[Stored data]
>>>

theorem proc_complete:
  fixes u v :: "('f,'v,'c) trm"
  assumes fresh: "infinite (UNIV :: 'v set)"
    and ar: "\<forall>f\<in>G1. 1 \<le> ar f" "\<forall>a\<in>G0. ar a = 0"
    and wf: "wf_trm ar u" "wf_trm ar v"
    and sol: "is_solution ar sc sv (u, v)" "nonempty_sol sc (u, v)"
  shows "\<exists>u' v' sc' sv'. proc ar G1 G0 (u, v) (u', v') \<and>
           is_solution ar sc' sv' (u', v') \<and> nonempty_sol sc' (u', v') \<and>
           gsubst sc' sv' u' = gsubst sc sv u \<and>
           \<not> (\<exists>f a. f \<in> G1 \<and> a \<in> G0 \<and> crossing_pair ar sc' sv' (u', v') f a)"
proof -
  define V where "V = vars_eq (u, v)"
  define e1 where "e1 = map_eq (repl_vars (guess_constants G0 sv UNIV)) (u, v)"
  have inv1: "pop_invariant ar G1 G0 V (gsubst sc sv u) {} sc sv e1"
    using pop_invariant_init[OF sol(1) _ _ ar(2)] wf by (simp add: V_def e1_def)
  have cv1: "cvars_eq e1 = cvars_eq (u, v)" by (simp add: e1_def cvars_eq_def)
  then have ne1: "nonempty_sol sc e1" using sol(2) by (simp add: nonempty_sol_def)
  obtain Xs where Xs: "distinct Xs" "set Xs = cvars_eq (u, v)"
    using finite_distinct_list[of "cvars_eq (u, v)"] by (auto simp: cvars_eq_def finite_cvars)
  have "finite V" by (simp add: V_def vars_eq_def finite_vars)
  then obtain e2 sc' sv' where steps: "cvar_steps ar G1 G0 V Xs e1 e2"
    and inv2: "pop_invariant ar G1 G0 V (gsubst sc sv u) (set Xs) sc' sv' e2" and ne2: "nonempty_sol sc' e2"
    using cvar_steps_pop_invariant[OF inv1 ne1 fresh _ ar, of Xs] by auto
  define \<rho>2 where "\<rho>2 = guess_constants G0 sv' (- V)"
  define u' where "u' = repl_vars \<rho>2 (fst e2)"
  define v' where "v' = repl_vars \<rho>2 (snd e2)"
  have e': "(u', v') = map_eq (repl_vars \<rho>2) e2" by (simp add: u'_def v'_def map_eq_def)
  have "proc ar G1 G0 (u, v) (u', v')"
    unfolding proc_def
    by (rule exI[of _ "guess_constants G0 sv UNIV"], rule exI[of _ \<rho>2], rule exI[of _ Xs],
        rule exI[of _ e2])
      (use Xs steps e' in \<open>auto simp: V_def e1_def \<rho>2_def guess_constants_def\<close>)
  moreover have "is_solution ar sc' sv' (u', v') \<and> gsubst sc' sv' u' = gsubst sc sv u"
    using inv2 gsubst_repl_guess_constants[of ar sc' sv' G0 "- V"] ar(2)
    by (auto simp: pop_invariant_def is_solution_def u'_def v'_def \<rho>2_def)
  moreover have "nonempty_sol sc' (u', v')"
    using ne2 by (simp add: nonempty_sol_def cvars_eq_def u'_def v'_def)
  moreover have "cvars_eq e2 \<subseteq> set Xs" using cvars_eq_cvar_steps[OF steps] cv1 Xs(2) by simp
  then have "\<not> (\<exists>f a. f \<in> G1 \<and> a \<in> G0 \<and> crossing_pair ar sc' sv' (u', v') f a)"
    using no_crossing_pair_repl_fresh[OF inv2 ne2 _ ar(2)] unfolding e' \<rho>2_def by blast
  ultimately show ?thesis by blast
qed

theorem lemma5p3:
  fixes ar :: "'f \<Rightarrow> nat" and G1 G0 :: "'f set" and u v :: "('f,'v,'c) trm"
  assumes "infinite (UNIV :: 'v set)"
    and "\<forall>f\<in>G1. 1 \<le> ar f" and "\<forall>a\<in>G0. ar a = 0"
    and "wf_trm ar u" and "wf_trm ar v"
  shows "(\<forall>u' v'. proc ar G1 G0 (u, v) (u', v') \<longrightarrow>
             (\<exists>sc' sv'. is_solution ar sc' sv' (u', v')) \<longrightarrow>
             (\<exists>sc sv. is_solution ar sc sv (u, v)))
       \<and> (\<forall>sc sv. is_solution ar sc sv (u, v) \<and> nonempty_sol sc (u, v) \<longrightarrow>
             (\<exists>u' v' sc' sv'. proc ar G1 G0 (u, v) (u', v') \<and>
                is_solution ar sc' sv' (u', v') \<and> nonempty_sol sc' (u', v') \<and>
                gsubst sc' sv' u' = gsubst sc sv u \<and>
                \<not> (\<exists>f a. f \<in> G1 \<and> a \<in> G0 \<and> crossing_pair ar sc' sv' (u', v') f a)))"
  using proc_sound[OF assms(3)] proc_complete[OF assms] by blast

end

<<<

What you will do:
What is the number of lines in the entries above that hold the string "rule"? Please state that number alone.

Written response:
2